Task directions: This task calls for printing every entry exactly.

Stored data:
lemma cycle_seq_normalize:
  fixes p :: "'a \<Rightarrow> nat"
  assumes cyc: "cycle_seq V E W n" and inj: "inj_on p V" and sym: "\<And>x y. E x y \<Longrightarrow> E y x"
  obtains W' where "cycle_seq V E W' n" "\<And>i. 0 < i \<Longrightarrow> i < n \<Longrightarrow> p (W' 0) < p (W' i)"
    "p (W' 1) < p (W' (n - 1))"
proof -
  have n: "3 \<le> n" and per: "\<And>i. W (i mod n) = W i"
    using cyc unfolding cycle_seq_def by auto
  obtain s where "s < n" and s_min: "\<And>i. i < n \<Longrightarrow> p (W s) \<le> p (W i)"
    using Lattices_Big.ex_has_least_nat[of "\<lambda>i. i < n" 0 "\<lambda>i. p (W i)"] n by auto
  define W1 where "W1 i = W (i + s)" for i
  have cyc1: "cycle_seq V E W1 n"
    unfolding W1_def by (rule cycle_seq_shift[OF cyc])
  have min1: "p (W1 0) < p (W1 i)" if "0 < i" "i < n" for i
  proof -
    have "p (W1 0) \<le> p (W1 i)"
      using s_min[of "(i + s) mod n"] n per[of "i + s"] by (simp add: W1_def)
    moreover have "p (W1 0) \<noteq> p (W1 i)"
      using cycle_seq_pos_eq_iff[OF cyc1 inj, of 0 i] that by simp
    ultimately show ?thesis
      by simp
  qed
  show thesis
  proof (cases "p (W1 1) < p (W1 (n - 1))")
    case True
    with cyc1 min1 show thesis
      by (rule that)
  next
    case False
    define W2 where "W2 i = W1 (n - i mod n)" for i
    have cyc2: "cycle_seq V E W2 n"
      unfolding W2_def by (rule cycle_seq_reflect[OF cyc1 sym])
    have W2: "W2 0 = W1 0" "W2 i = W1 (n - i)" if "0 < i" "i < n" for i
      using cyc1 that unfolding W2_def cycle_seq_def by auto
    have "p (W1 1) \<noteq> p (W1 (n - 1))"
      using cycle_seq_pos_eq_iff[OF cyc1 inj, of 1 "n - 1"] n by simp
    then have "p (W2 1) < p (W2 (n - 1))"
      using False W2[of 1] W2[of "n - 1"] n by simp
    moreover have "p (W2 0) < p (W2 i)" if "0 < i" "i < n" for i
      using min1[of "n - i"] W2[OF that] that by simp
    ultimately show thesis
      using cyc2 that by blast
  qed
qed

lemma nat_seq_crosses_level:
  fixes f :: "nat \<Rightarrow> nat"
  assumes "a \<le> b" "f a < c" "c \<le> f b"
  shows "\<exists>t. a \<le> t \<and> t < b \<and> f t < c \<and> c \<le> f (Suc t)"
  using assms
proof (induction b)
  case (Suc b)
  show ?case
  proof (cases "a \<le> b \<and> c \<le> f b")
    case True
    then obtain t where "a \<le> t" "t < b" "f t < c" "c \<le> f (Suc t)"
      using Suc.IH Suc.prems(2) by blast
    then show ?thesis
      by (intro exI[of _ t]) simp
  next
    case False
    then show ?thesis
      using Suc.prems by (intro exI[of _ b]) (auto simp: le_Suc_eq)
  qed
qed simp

Written answer:
lemma cycle_seq_normalize:
  fixes p :: "'a \<Rightarrow> nat"
  assumes cyc: "cycle_seq V E W n" and inj: "inj_on p V" and sym: "\<And>x y. E x y \<Longrightarrow> E y x"
  obtains W' where "cycle_seq V E W' n" "\<And>i. 0 < i \<Longrightarrow> i < n \<Longrightarrow> p (W' 0) < p (W' i)"
    "p (W' 1) < p (W' (n - 1))"
proof -
  have n: "3 \<le> n" and per: "\<And>i. W (i mod n) = W i"
    using cyc unfolding cycle_seq_def by auto
  obtain s where "s < n" and s_min: "\<And>i. i < n \<Longrightarrow> p (W s) \<le> p (W i)"
    using Lattices_Big.ex_has_least_nat[of "\<lambda>i. i < n" 0 "\<lambda>i. p (W i)"] n by auto
  define W1 where "W1 i = W (i + s)" for i
  have cyc1: "cycle_seq V E W1 n"
    unfolding W1_def by (rule cycle_seq_shift[OF cyc])
  have min1: "p (W1 0) < p (W1 i)" if "0 < i" "i < n" for i
  proof -
    have "p (W1 0) \<le> p (W1 i)"
      using s_min[of "(i + s) mod n"] n per[of "i + s"] by (simp add: W1_def)
    moreover have "p (W1 0) \<noteq> p (W1 i)"
      using cycle_seq_pos_eq_iff[OF cyc1 inj, of 0 i] that by simp
    ultimately show ?thesis
      by simp
  qed
  show thesis
  proof (cases "p (W1 1) < p (W1 (n - 1))")
    case True
    with cyc1 min1 show thesis
      by (rule that)
  next
    case False
    define W2 where "W2 i = W1 (n - i mod n)" for i
    have cyc2: "cycle_seq V E W2 n"
      unfolding W2_def by (rule cycle_seq_reflect[OF cyc1 sym])
    have W2: "W2 0 = W1 0" "W2 i = W1 (n - i)" if "0 < i" "i < n" for i
      using cyc1 that unfolding W2_def cycle_seq_def by auto
    have "p (W1 1) \<noteq> p (W1 (n - 1))"
      using cycle_seq_pos_eq_iff[OF cyc1 inj, of 1 "n - 1"] n by simp
    then have "p (W2 1) < p (W2 (n - 1))"
      using False W2[of 1] W2[of "n - 1"] n by simp
    moreover have "p (W2 0) < p (W2 i)" if "0 < i" "i < n" for i
      using min1[of "n - i"] W2[OF that] that by simp
    ultimately show thesis
      using cyc2 that by blast
  qed
qed

lemma nat_seq_crosses_level:
  fixes f :: "nat \<Rightarrow> nat"
  assumes "a \<le> b" "f a < c" "c \<le> f b"
  shows "\<exists>t. a \<le> t \<and> t < b \<and> f t < c \<and> c \<le> f (Suc t)"
  using assms
proof (induction b)
  case (Suc b)
  show ?case
  proof (cases "a \<le> b \<and> c \<le> f b")
    case True
    then obtain t where "a \<le> t" "t < b" "f t < c" "c \<le> f (Suc t)"
      using Suc.IH Suc.prems(2) by blast
    then show ?thesis
      by (intro exI[of _ t]) simp
  next
    case False
    then show ?thesis
      using Suc.prems by (intro exI[of _ b]) (auto simp: le_Suc_eq)
  qed
qed simp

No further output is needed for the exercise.